(Records from a collection)
+ + + + + + +

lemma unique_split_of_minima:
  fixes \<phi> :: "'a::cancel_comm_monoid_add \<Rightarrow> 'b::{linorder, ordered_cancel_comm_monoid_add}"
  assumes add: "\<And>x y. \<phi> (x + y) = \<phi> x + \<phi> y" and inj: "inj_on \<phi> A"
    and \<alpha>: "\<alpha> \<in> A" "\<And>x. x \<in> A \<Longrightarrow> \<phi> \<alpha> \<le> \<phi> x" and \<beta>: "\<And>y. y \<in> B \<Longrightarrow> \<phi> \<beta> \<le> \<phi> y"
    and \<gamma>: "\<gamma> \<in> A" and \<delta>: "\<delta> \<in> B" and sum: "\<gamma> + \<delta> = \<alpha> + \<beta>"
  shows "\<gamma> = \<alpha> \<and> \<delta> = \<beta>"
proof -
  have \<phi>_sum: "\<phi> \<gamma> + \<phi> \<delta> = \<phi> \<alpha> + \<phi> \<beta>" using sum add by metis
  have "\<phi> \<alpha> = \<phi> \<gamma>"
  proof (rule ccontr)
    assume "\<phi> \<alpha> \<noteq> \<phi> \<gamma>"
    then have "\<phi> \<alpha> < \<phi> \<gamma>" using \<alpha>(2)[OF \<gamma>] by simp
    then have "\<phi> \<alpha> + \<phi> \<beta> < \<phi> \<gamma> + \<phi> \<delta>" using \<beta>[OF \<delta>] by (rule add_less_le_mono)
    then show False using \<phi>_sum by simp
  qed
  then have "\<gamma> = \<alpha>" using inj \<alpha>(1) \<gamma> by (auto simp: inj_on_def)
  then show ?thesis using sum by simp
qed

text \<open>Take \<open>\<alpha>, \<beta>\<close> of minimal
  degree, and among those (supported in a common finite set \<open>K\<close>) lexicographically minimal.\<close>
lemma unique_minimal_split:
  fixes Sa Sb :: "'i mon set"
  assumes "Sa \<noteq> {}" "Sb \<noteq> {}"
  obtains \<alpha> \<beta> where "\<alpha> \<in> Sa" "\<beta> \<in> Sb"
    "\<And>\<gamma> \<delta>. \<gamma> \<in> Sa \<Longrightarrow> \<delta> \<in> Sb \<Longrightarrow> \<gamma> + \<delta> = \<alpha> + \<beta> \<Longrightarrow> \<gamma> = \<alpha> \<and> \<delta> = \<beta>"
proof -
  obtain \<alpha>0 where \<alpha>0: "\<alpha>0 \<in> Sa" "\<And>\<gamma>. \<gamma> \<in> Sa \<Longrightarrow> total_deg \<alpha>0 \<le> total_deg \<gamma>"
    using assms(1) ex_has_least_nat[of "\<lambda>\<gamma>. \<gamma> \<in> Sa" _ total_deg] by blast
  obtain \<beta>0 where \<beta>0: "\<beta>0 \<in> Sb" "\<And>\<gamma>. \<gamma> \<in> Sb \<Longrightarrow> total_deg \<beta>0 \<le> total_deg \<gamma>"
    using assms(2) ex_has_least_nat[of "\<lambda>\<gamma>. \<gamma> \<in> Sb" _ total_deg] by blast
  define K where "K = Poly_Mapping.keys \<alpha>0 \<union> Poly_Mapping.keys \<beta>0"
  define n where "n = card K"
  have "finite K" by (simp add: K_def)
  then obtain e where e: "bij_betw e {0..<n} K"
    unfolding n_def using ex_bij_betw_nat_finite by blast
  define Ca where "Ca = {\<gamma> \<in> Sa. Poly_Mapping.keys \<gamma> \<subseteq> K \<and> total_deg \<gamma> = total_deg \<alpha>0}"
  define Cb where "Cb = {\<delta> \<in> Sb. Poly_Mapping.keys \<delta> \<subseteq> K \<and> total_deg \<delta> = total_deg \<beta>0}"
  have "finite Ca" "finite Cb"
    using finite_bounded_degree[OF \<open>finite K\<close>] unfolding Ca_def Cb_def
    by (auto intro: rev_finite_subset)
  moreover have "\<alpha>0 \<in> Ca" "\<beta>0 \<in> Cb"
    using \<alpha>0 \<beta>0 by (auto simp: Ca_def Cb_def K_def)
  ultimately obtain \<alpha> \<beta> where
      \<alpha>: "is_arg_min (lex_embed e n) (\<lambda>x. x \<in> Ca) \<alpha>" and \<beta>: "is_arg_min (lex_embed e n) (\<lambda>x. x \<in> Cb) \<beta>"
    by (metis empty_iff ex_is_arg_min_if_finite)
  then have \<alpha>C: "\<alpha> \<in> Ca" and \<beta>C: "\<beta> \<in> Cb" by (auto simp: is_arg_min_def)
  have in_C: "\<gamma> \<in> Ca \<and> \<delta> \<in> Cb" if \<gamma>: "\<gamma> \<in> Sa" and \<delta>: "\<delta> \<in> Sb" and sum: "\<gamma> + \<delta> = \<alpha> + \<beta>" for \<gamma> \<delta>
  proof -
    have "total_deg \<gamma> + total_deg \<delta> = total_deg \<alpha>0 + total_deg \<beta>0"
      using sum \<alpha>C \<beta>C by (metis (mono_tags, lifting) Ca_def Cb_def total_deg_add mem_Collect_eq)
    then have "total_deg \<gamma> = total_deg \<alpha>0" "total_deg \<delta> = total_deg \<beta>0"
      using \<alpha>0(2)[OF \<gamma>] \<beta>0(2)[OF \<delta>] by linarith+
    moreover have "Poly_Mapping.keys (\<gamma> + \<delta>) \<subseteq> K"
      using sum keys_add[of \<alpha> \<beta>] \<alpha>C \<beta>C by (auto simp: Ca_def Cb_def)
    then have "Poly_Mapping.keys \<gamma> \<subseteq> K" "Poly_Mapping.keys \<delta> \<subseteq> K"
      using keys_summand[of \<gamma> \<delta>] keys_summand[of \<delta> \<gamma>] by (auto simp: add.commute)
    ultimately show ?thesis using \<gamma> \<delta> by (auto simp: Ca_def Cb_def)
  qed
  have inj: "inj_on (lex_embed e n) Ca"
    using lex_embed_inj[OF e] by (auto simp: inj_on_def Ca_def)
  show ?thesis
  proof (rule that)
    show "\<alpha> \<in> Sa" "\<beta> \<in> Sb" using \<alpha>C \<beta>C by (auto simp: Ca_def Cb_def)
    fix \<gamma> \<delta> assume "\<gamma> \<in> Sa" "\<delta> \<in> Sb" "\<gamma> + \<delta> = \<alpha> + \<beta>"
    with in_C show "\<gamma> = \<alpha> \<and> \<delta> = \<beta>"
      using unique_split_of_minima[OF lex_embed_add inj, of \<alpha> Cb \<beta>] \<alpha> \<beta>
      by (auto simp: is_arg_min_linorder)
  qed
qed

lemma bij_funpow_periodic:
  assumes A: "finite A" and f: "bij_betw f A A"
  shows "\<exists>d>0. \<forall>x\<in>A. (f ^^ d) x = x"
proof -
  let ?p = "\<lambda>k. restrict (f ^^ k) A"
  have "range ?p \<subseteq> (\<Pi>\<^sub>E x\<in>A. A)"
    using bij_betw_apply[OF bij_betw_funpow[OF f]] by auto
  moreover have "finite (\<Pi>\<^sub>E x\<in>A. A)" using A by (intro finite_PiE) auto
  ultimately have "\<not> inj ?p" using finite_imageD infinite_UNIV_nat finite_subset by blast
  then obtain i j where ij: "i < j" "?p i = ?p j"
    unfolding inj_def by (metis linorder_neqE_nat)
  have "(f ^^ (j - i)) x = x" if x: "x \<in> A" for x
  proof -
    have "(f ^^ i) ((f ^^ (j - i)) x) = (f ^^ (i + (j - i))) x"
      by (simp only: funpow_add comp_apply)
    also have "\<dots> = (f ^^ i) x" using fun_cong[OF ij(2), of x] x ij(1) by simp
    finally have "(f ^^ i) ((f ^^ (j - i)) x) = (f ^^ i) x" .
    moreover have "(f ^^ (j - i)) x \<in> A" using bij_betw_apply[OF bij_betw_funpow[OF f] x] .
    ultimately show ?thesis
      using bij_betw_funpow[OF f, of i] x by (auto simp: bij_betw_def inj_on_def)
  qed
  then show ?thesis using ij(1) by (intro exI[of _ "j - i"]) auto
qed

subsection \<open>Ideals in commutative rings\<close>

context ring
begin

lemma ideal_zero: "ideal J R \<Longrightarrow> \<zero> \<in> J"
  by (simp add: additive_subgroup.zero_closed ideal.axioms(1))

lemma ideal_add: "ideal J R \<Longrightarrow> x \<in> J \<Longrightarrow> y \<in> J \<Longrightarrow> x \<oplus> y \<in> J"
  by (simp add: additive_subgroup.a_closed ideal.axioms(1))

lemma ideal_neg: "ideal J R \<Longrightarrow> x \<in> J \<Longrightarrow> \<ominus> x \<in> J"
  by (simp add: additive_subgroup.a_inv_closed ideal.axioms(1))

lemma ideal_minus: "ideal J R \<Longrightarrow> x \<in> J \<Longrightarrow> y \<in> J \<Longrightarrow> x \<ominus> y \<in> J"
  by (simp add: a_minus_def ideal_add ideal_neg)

+ + + + + + +

### [Work request]
Please report every line among the entries that includes "assms".

### [Solution to this task]
    using assms(1) ex_has_least_nat[of "\<lambda>\<gamma>. \<gamma> \<in> Sa" _ total_deg] by blast
    using assms(2) ex_has_least_nat[of "\<lambda>\<gamma>. \<gamma> \<in> Sb" _ total_deg] by blast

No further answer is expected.